[[ EXERCISE DATA, beginning ]]

lemma nn_integral_artanh_powr_exp_subst:
  fixes a m :: real
  assumes "a > 0" "m > 0"
  shows "(\<integral>\<^sup>+x. ennreal (indicator {0<..<1} x * (artanh (x powr m) / (x * (a\<^sup>2 + (ln x)\<^sup>2)))) \<partial>lborel)
         = (\<integral>\<^sup>+t. ennreal (indicator {0<..} t * (artanh (exp (- (m * t))) / (a\<^sup>2 + t\<^sup>2))) \<partial>lborel)"
proof -
  define F where "F x = max 0 (artanh (x powr m) / (x * (a\<^sup>2 + (ln x)\<^sup>2)))" for x
  have F: "0 < x \<Longrightarrow> x < 1 \<Longrightarrow> F x = artanh (x powr m) / (x * (a\<^sup>2 + (ln x)\<^sup>2))" for x
    using artanh_powr_div_nonneg[OF assms] by (simp add: F_def)
  have "(\<integral>\<^sup>+x. ennreal (indicator {0<..<1} x * (artanh (x powr m) / (x * (a\<^sup>2 + (ln x)\<^sup>2)))) \<partial>lborel)
        = (\<integral>\<^sup>+x. ennreal (indicator {0<..<1} x * F x) \<partial>lborel)"
    by (intro nn_integral_cong) (simp add: indicator_def F)
  also have "\<dots> = (\<integral>\<^sup>+t. ennreal (indicator {0<..} t * (F (exp (- t)) * exp (- t))) \<partial>lborel)"
    by (rule nn_integral_Ioo01_exp_subst) (auto simp: F_def artanh_def)
  also have "\<dots> = (\<integral>\<^sup>+t. ennreal (indicator {0<..} t * (artanh (exp (- (m * t))) / (a\<^sup>2 + t\<^sup>2))) \<partial>lborel)"
  proof (intro nn_integral_cong)
    fix t :: real
    have "F (exp (- t)) * exp (- t) = artanh (exp (- (m * t))) / (a\<^sup>2 + t\<^sup>2)" if "t > 0"
      using that by (simp add: F powr_def)
    then show "ennreal (indicator {0<..} t * (F (exp (- t)) * exp (- t)))
               = ennreal (indicator {0<..} t * (artanh (exp (- (m * t))) / (a\<^sup>2 + t\<^sup>2)))"
      by (cases "t > 0") (simp_all add: indicator_def)
  qed
  finally show ?thesis .
qed

theorem mainTheorem7:
  fixes a m :: real
  assumes "a > 0" and "m > 0"
  shows "((\<lambda>x. artanh (x powr m) / (x * (a\<^sup>2 + (ln x)\<^sup>2))) has_integral
           (pi / (4 * a)) * ln ((a * m * (Gamma (a * m / (2 * pi)))\<^sup>2) /
                                 (2 * pi * (Gamma ((a * m + pi) / (2 * pi)))\<^sup>2)))
         {0<..<1}"
proof -
  define f where "f x = artanh (x powr m) / (x * (a\<^sup>2 + (ln x)\<^sup>2))" for x
  define b where "b = a * m / (2 * pi)"
  define R where "R = pi / (4 * a) * ln (b * Gamma b ^ 2 / Gamma (b + 1/2) ^ 2)"
  have "b > 0"
    using assms by (simp add: b_def)
  have "(\<integral>\<^sup>+x. ennreal (indicator {0<..<1} x * f x) \<partial>lborel) = ennreal R"
    unfolding f_def R_def b_def
    using nn_integral_artanh_powr_exp_subst[OF assms] nn_integral_artanh_exp_div_quadratic[OF assms]
    by simp
  moreover have "R \<ge> 0"
    unfolding R_def using ln_Gamma_ratio_nonneg[OF \<open>b > 0\<close>] assms by simp
  moreover have "0 \<le> indicator {0<..<1} x * f x" for x
    using artanh_powr_div_nonneg[OF assms] by (simp add: indicator_def f_def)
  ultimately have "((\<lambda>x. indicator {0<..<1} x * f x) has_integral R) UNIV"
    by (intro nn_integral_has_integral) (auto simp: f_def artanh_def)
  moreover have "(\<lambda>x. indicator {0<..<1} x * f x) = (\<lambda>x. if x \<in> {0<..<1} then f x else 0)"
    by (auto simp: indicator_def)
  ultimately have "(f has_integral R) {0<..<1}"
    by (simp only: has_integral_restrict_UNIV)
  moreover have "R = (pi / (4 * a)) * ln ((a * m * (Gamma b)\<^sup>2) / (2 * pi * (Gamma (b + 1/2))\<^sup>2))"
    unfolding R_def b_def by (simp add: field_simps)
  moreover have "(a * m + pi) / (2 * pi) = b + 1/2"
    unfolding b_def by (simp add: field_simps)
  ultimately show ?thesis
    unfolding f_def[abs_def] b_def by simp
qed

[[ EXERCISE DATA, end ]]

WHAT THE TASK REQUIRES
Your answer should consist of the lines of the listing that contain "define", copied as they stand.

ANSWER AREA
  define F where "F x = max 0 (artanh (x powr m) / (x * (a\<^sup>2 + (ln x)\<^sup>2)))" for x
  define f where "f x = artanh (x powr m) / (x * (a\<^sup>2 + (ln x)\<^sup>2))" for x
  define b where "b = a * m / (2 * pi)"
  define R where "R = pi / (4 * a) * ln (b * Gamma b ^ 2 / Gamma (b + 1/2) ^ 2)"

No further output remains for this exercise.